According to the website Out of the Fog, which focuses on dealing with people with personality disorders (who are almost always, incidentally, emotional abusers), domestic theft is

[c]onsuming or taking control of a resource or asset belonging to (or shared with) a family member, partner or spouse without first obtaining their approval.

There’s a sense of entitlement that abusive parents have to their children’s money and things. They may genuinely believe that this promotes good family relationships when in reality it demonstrates lack of respect for their children.

This may happen more often in enmeshed families. Such families set up a dynamic where family members aren’t autonomous. They’re simply one part in this dehumanized thing called The Family. Psychologically, these enmeshed parents consider their children’s money and things as their money and things. If their children protest, they may tell them they’re being selfish, which again denies their right to have their money and things respected.

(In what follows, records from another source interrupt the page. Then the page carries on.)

lemma cfg_lang_lifted_grammar:
  assumes "q0 \<in> Q"
  shows "cfg_lang (lifted_grammar P S q0 F) 0 =
    {ou. \<exists>w \<in> cfg_lang P S. \<exists>f \<in> F. transduces D q0 w f ou}"
proof (intro equalityI subsetI)
  fix ou assume "ou \<in> cfg_lang (lifted_grammar P S q0 F) 0"
  then obtain f where f: "f \<in> F \<inter> Q"
    and der: "derives (lifted_grammar P S q0 F) [Inl (triple_nt q0 S f)] ou"
    by (auto simp: cfg_lang_def derives_Inl_iff[of _ 0] lifted_grammar_start)
  have "lifted_form q0 [Inl S] f [Inl (triple_nt q0 S f)]"
    using assms f by (simp add: lifted_form_Inl_iff)
  with der obtain w where "derives P [Inl S] w" "transduces D q0 w f ou"
    using derives_if_lifted_form by blast
  with f show "ou \<in> {ou. \<exists>w \<in> cfg_lang P S. \<exists>f \<in> F. transduces D q0 w f ou}"
    unfolding cfg_lang_def by blast
next
  fix ou assume "ou \<in> {ou. \<exists>w \<in> cfg_lang P S. \<exists>f \<in> F. transduces D q0 w f ou}"
  then obtain w f where w: "derives P [Inl S] w" and f: "f \<in> F" and run: "transduces D q0 w f ou"
    unfolding cfg_lang_def by blast
  from lifted_form_if_derives[OF w assms run] obtain \<gamma> where
    "lifted_form q0 [Inl S] f \<gamma>" "derives (lifted_grammar P S q0 F) \<gamma> ou"
    by blast
  then have "f \<in> Q" "derives (lifted_grammar P S q0 F) [Inl (triple_nt q0 S f)] ou"
    by (simp_all add: lifted_form_Inl_iff)
  with f show "ou \<in> cfg_lang (lifted_grammar P S q0 F) 0"
    unfolding cfg_lang_def by (auto simp: derives_Inl_iff[of _ 0] lifted_grammar_start)
qed

lemma context_free_transduction_image:
  assumes "context_free L" "q0 \<in> Q"
  shows "context_free {ou. \<exists>w \<in> L. \<exists>f \<in> F. transduces D q0 w f ou}"
proof -
  from assms(1) obtain P S where P: "finite P" and L: "L = cfg_lang P S"
    unfolding context_free_def by blast
  have "{ou. \<exists>w \<in> L. \<exists>f \<in> F. transduces D q0 w f ou} = cfg_lang (lifted_grammar P S q0 F) 0"
    unfolding L cfg_lang_lifted_grammar[OF assms(2)] ..
  with finite_lifted_grammar[OF P] show ?thesis
    unfolding context_free_def by blast
qed

end

text \<open>Splitting every transition into single letters: the state (r, \<alpha>) still has to read the
  rest \<alpha> of a label before it reaches r, and (p, []) plays the role of p.\<close>

definition letter_split ::
    "('q \<times> 'i list \<times> 'o list \<times> 'q) set \<Rightarrow>
      (('q \<times> 'i list) \<times> 'i list \<times> 'o list \<times> ('q \<times> 'i list)) set" where
  "letter_split D =
     {((p, []), [a], out, (r, \<alpha>)) | p a \<alpha> out r. (p, a # \<alpha>, out, r) \<in> D}
   \<union> {((r, a # \<alpha>), [a], [], (r, \<alpha>)) | r a \<alpha>. \<exists>p \<beta> out. (p, \<beta> @ a # \<alpha>, out, r) \<in> D}"

definition split_states :: "('q \<times> 'i list \<times> 'o list \<times> 'q) set \<Rightarrow> 'q \<Rightarrow> ('q \<times> 'i list) set" where
  "split_states D q0 =
     insert (q0, []) (\<Union>(p, \<alpha>, out, r) \<in> D. insert (p, []) ({r} \<times> set (suffixes \<alpha>)))"

lemma split_statesI:
  assumes "(p, \<beta> @ \<alpha>, out, r) \<in> D"
  shows "(p, []) \<in> split_states D q0" "(r, \<alpha>) \<in> split_states D q0"
  unfolding split_states_def
  by (rule insertI2, rule UN_I[OF assms], simp add: suffix_def)+

lemma letter_split_cases:
  assumes "e \<in> letter_split D"
  obtains (first) p a \<alpha> out r where "e = ((p, []), [a], out, (r, \<alpha>))" "(p, a # \<alpha>, out, r) \<in> D"
    | (rest) r a \<alpha> p \<beta> out where "e = ((r, a # \<alpha>), [a], [], (r, \<alpha>))" "(p, \<beta> @ a # \<alpha>, out, r) \<in> D"
  using assms unfolding letter_split_def by auto

lemma letter_split_states:
  assumes "(s, \<alpha>, out, t) \<in> letter_split D"
  shows "s \<in> split_states D q0 \<and> t \<in> split_states D q0"
  using assms
proof (cases rule: letter_split_cases)
  case (first p a \<alpha>' out' r)
  then show ?thesis
    using split_statesI[of p "[]" "a # \<alpha>'" out' r D q0] split_statesI[of p "[a]" \<alpha>' out' r D q0]
    by auto
next
  case (rest r a \<alpha>' p \<beta> out')
  then show ?thesis
    using split_statesI[of p \<beta> "a # \<alpha>'" out' r D q0] split_statesI[of p "\<beta> @ [a]" \<alpha>' out' r D q0]
    by auto
qed

lemma finite_split_states: "finite D \<Longrightarrow> finite (split_states D q0)"
  unfolding split_states_def by auto

lemma finite_letter_split:
  assumes "finite D"
  shows "finite (letter_split D)"
proof (rule finite_subset)
  show "letter_split D \<subseteq>
      (\<lambda>(p, \<alpha>, out, r). ((p, []), [hd \<alpha>], out, (r, tl \<alpha>))) ` D
    \<union> (\<lambda>(r, \<alpha>). ((r, \<alpha>), [hd \<alpha>], [], (r, tl \<alpha>))) ` split_states D q0" (is "_ \<subseteq> ?first \<union> ?rest")
  proof
    fix e assume "e \<in> letter_split D"
    then show "e \<in> ?first \<union> ?rest"
    proof (cases rule: letter_split_cases)
      case (first p a \<alpha> out r)
      then show ?thesis by (intro UnI1 image_eqI[where x = "(p, a # \<alpha>, out, r)"]) auto
    next
      case (rest r a \<alpha> p \<beta> out)
      then show ?thesis
        by (intro UnI2 image_eqI[where x = "(r, a # \<alpha>)"]) (auto intro: split_statesI)
    qed
  qed
  show "finite (?first \<union> ?rest)"
    by (intro finite_UnI finite_imageI assms finite_split_states)
qed
(* Let $\mathcal{P}$ be a polyomino, $\mathbb{K}$ a field, $S=\mathbb{K}[x_v \mid v\in V(\mathcal{P})]$ standard graded, $I_{\mathcal{P}}\subset S$ the polyomino ideal and $J_{\mathcal{P}}\subset S$ the toric ideal of $\mathcal{P}$ (both defined in the context). Then $I_{\mathcal{P}}=(J_{\mathcal{P}})_2$, i.e. $I_{\mathcal{P}}$ is the ideal generated by the homogeneous component of degree $2$ of $J_{\mathcal{P}}$; equivalently, the minimal generators of $I_{\mathcal{P}}$ are exactly the minimal generators of degree $2$ of $J_{\mathcal{P}}$.
   Context: For $a\in\mathbb{N}^2$ the cell $[a,a+(1,1)]$ has vertices $a,a+(1,0),a+(0,1),a+(1,1)$ and the four obvious edges. A polyomino $\mathcal{P}$ is a finite nonempty set of cells such that any two cells $C,D\in\mathcal{P}$ are joined by a sequence $C=C_1,\dots,C_m=D$ of cells of $\mathcal{P}$ with $C_i\cap C_{i+1}$ an edge of $C_i$. $V(\mathcal{P})$ is the union of the vertex sets of its cells. For $a=(i,j)$, $b=(k,\ell)$ with $i<k$, $j<\ell$, the interval $[a,b]=\{(p,q)\in\mathbb{N}^2: i\le p\le k,\ j\le q\le \ell\}$ is a proper interval; $a,b$ are its diagonal corners and $c=(i,\ell)$, $d=(k,j)$ its anti-diagonal corners. It is an inner interval of $\mathcal{P}$ if all cells contained in $[a,b]$ belong to $\mathcal{P}$. The polyomino ideal $I_{\mathcal{P}}$ is generated by all inner 2-minors $x_ax_b-x_cx_d$, $[a,b]$ an inner interval of $\mathcal{P}$ with anti-diagonal corners $c,d$. Toric ideal: a hole of $\mathcal{P}$ is a finite nonempty set $\mathcal{H}$ of cells of $\mathbb{N}^2$ not in $\mathcal{P}$, any two of which are connected by a path of cells in $\mathcal{H}$ (consecutive cells sharing an edge), and maximal with these properties. Order $\mathbb{N}^2$ by $(a_1,a_2)<(b_1,b_2)$ iff $a_1<b_1$, or $a_1=b_1$ and $a_2<b_2$; the lower left corner of a hole is the minimum of its vertices. Let $\mathcal{H}_1,\dots,\mathcal{H}_r$ be the holes of $\mathcal{P}$ with lower left corners $e_k=(i_k,j_k)$, and $\mathcal{F}_k=\{(i,j)\in V(\mathcal{P}): i\le i_k,\ j\le j_k\}$. A horizontal edge interval of $\mathcal{P}$ is a set $\{(t,j): i\le t\le k\}$ such that $\{(t,j),(t+1,j)\}$ is an edge of a cell of $\mathcal{P}$ for $t=i,\dots,k-1$; it is maximal if not strictly contained in another one; vertical edge intervals are defined analogously. Each vertex $a\in V(\mathcal{P})$ lies in a unique maximal horizontal edge interval $H(a)$ and a unique maximal vertical edge interval $V(a)$. Take variables $h_H$ for each maximal horizontal edge interval $H$, $v_V$ for each maximal vertical edge interval $V$, and $w_1,\dots,w_r$, and define $\varphi:S\to\mathbb{K}[h_H,v_V,w_k]$ by $\varphi(x_a)=h_{H(a)}v_{V(a)}\prod_{k:\,a\in\mathcal{F}_k}w_k$. The toric ideal is $J_{\mathcal{P}}=\ker\varphi$. *)

theory Defs
  imports Main "HOL-Library.Poly_Mapping" "HOL-Library.Product_Lexorder"
begin

text \<open>Points of N^2 are pairs of naturals. A cell [a, a+(1,1)] is represented
by its lower left corner a. The order on pairs is the lexicographic one
(Product_Lexorder), as in the paper.\<close>

type_synonym pt = "nat \<times> nat"

definition cell_vertices :: "pt \<Rightarrow> pt set" where
  "cell_vertices a = {a, (fst a + 1, snd a), (fst a, snd a + 1), (fst a + 1, snd a + 1)}"

definition cell_edges :: "pt \<Rightarrow> pt set set" where
  "cell_edges a = {{a, (fst a + 1, snd a)}, {a, (fst a, snd a + 1)},
                   {(fst a + 1, snd a), (fst a + 1, snd a + 1)},
                   {(fst a, snd a + 1), (fst a + 1, snd a + 1)}}"

definition cell_adj :: "pt \<Rightarrow> pt \<Rightarrow> bool" where
  "cell_adj c d \<longleftrightarrow> cell_vertices c \<inter> cell_vertices d \<in> cell_edges c"

definition cells_connected :: "pt set \<Rightarrow> bool" where
  "cells_connected A \<longleftrightarrow>
     (\<forall>c\<in>A. \<forall>d\<in>A. (\<lambda>x y. x \<in> A \<and> y \<in> A \<and> cell_adj x y)\<^sup>*\<^sup>* c d)"

definition polyomino :: "pt set \<Rightarrow> bool" where
  "polyomino P \<longleftrightarrow> finite P \<and> P \<noteq> {} \<and> cells_connected P"

definition vertices :: "pt set \<Rightarrow> pt set" where
  "vertices P = (\<Union>c\<in>P. cell_vertices c)"

definition inner_interval :: "pt set \<Rightarrow> pt \<Rightarrow> pt \<Rightarrow> bool" where
  "inner_interval P a b \<longleftrightarrow> fst a < fst b \<and> snd a < snd b \<and>
     (\<forall>c. cell_vertices c \<subseteq> {p. fst a \<le> fst p \<and> fst p \<le> fst b \<and> snd a \<le> snd p \<and> snd p \<le> snd b}
          \<longrightarrow> c \<in> P)"

type_synonym 'k poly2 = "(pt \<Rightarrow>\<^sub>0 nat) \<Rightarrow>\<^sub>0 'k"

definition var :: "pt \<Rightarrow> 'k::comm_ring_1 poly2" where
  "var a = Poly_Mapping.single (Poly_Mapping.single a 1) 1"

definition polyring :: "pt set \<Rightarrow> 'k::comm_ring_1 poly2 set" where
  "polyring V = {p. \<forall>m\<in>Poly_Mapping.keys p. Poly_Mapping.keys m \<subseteq> V}"

inductive_set ideal_gen :: "'a::comm_ring_1 set \<Rightarrow> 'a set \<Rightarrow> 'a set" for R G where
  zero: "0 \<in> ideal_gen R G"
| gen: "g \<in> G \<Longrightarrow> g \<in> ideal_gen R G"
| add: "p \<in> ideal_gen R G \<Longrightarrow> q \<in> ideal_gen R G \<Longrightarrow> p + q \<in> ideal_gen R G"
| mult: "r \<in> R \<Longrightarrow> p \<in> ideal_gen R G \<Longrightarrow> r * p \<in> ideal_gen R G"

definition inner_minors :: "pt set \<Rightarrow> 'k::comm_ring_1 poly2 set" where
  "inner_minors P = {var a * var b - var (fst a, snd b) * var (fst b, snd a) | a b.
                       inner_interval P a b}"

definition polyomino_ideal :: "pt set \<Rightarrow> 'k::comm_ring_1 poly2 set" where
  "polyomino_ideal P = ideal_gen (polyring (vertices P)) (inner_minors P)"

definition hole :: "pt set \<Rightarrow> pt set \<Rightarrow> bool" where
  "hole P H \<longleftrightarrow> finite H \<and> H \<noteq> {} \<and> H \<inter> P = {} \<and> cells_connected H \<and>
     (\<forall>H'. H \<subseteq> H' \<and> finite H' \<and> H' \<noteq> {} \<and> H' \<inter> P = {} \<and> cells_connected H' \<longrightarrow> H' = H)"

definition lower_left :: "pt set \<Rightarrow> pt" where
  "lower_left H = Min (vertices H)"

definition F_set :: "pt set \<Rightarrow> pt set \<Rightarrow> pt set" where
  "F_set P H = {v \<in> vertices P. fst v \<le> fst (lower_left H) \<and> snd v \<le> snd (lower_left H)}"

definition is_edge :: "pt set \<Rightarrow> pt set \<Rightarrow> bool" where
  "is_edge P e \<longleftrightarrow> (\<exists>c\<in>P. e \<in> cell_edges c)"

definition horiz_interval :: "pt set \<Rightarrow> pt set \<Rightarrow> bool" where
  "horiz_interval P E \<longleftrightarrow> (\<exists>i k j. i \<le> k \<and> E = {(t, j) | t. i \<le> t \<and> t \<le> k} \<and>
       (\<forall>t. i \<le> t \<and> t < k \<longrightarrow> is_edge P {(t, j), (t + 1, j)}))"

definition vert_interval :: "pt set \<Rightarrow> pt set \<Rightarrow> bool" where
  "vert_interval P E \<longleftrightarrow> (\<exists>j l i. j \<le> l \<and> E = {(i, t) | t. j \<le> t \<and> t \<le> l} \<and>
       (\<forall>t. j \<le> t \<and> t < l \<longrightarrow> is_edge P {(i, t), (i, t + 1)}))"

definition max_horiz :: "pt set \<Rightarrow> pt set \<Rightarrow> bool" where
  "max_horiz P E \<longleftrightarrow> horiz_interval P E \<and> (\<forall>E'. horiz_interval P E' \<and> E \<subseteq> E' \<longrightarrow> E' = E)"

definition max_vert :: "pt set \<Rightarrow> pt set \<Rightarrow> bool" where
  "max_vert P E \<longleftrightarrow> vert_interval P E \<and> (\<forall>E'. vert_interval P E' \<and> E \<subseteq> E' \<longrightarrow> E' = E)"

definition Hint :: "pt set \<Rightarrow> pt \<Rightarrow> pt set" where
  "Hint P a = (THE E. max_horiz P E \<and> a \<in> E)"

definition Vint :: "pt set \<Rightarrow> pt \<Rightarrow> pt set" where
  "Vint P a = (THE E. max_vert P E \<and> a \<in> E)"

text \<open>variables of the target ring: h_H, v_V (indexed by the maximal edge
intervals) and w_k (indexed by the holes themselves)\<close>
datatype tvar = hvar "pt set" | vvar "pt set" | wvar "pt set"

text \<open>exponent vector of phi(x_a) = h_{H(a)} v_{V(a)} prod_{a \<in> F_k} w_k\<close>
definition phi_exp :: "pt set \<Rightarrow> pt \<Rightarrow> tvar \<Rightarrow>\<^sub>0 nat" where
  "phi_exp P a = Poly_Mapping.single (hvar (Hint P a)) 1 + Poly_Mapping.single (vvar (Vint P a)) 1
      + (\<Sum>H\<in>{H. hole P H \<and> a \<in> F_set P H}. Poly_Mapping.single (wvar H) 1)"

For instance, my brother and sister were embroiled in a domestic theft issue involving a loan that my parents received from my brother. They were paying the loan back out of rental property they had. When my sister lost a source of income, they decided to use the money that had been paying back the loan to support her. One could say that the rental property funds belonged to my brother until the large sum of money he loaned them was paid off. He certainly saw it that way. Neither child was consulted on this decision. They were simply told that they had to accept it. My parents essentially viewed money owed to my brother as belonging to them, which is a form of domestic theft.

Financial abuse is a subtype of emotional abuse. The intent is to cripple us emotionally. Dependence is the easiest way for abusers to get us to do what they want, and limiting our access to material things or the ability to get material things for ourselves is an effective way to do that.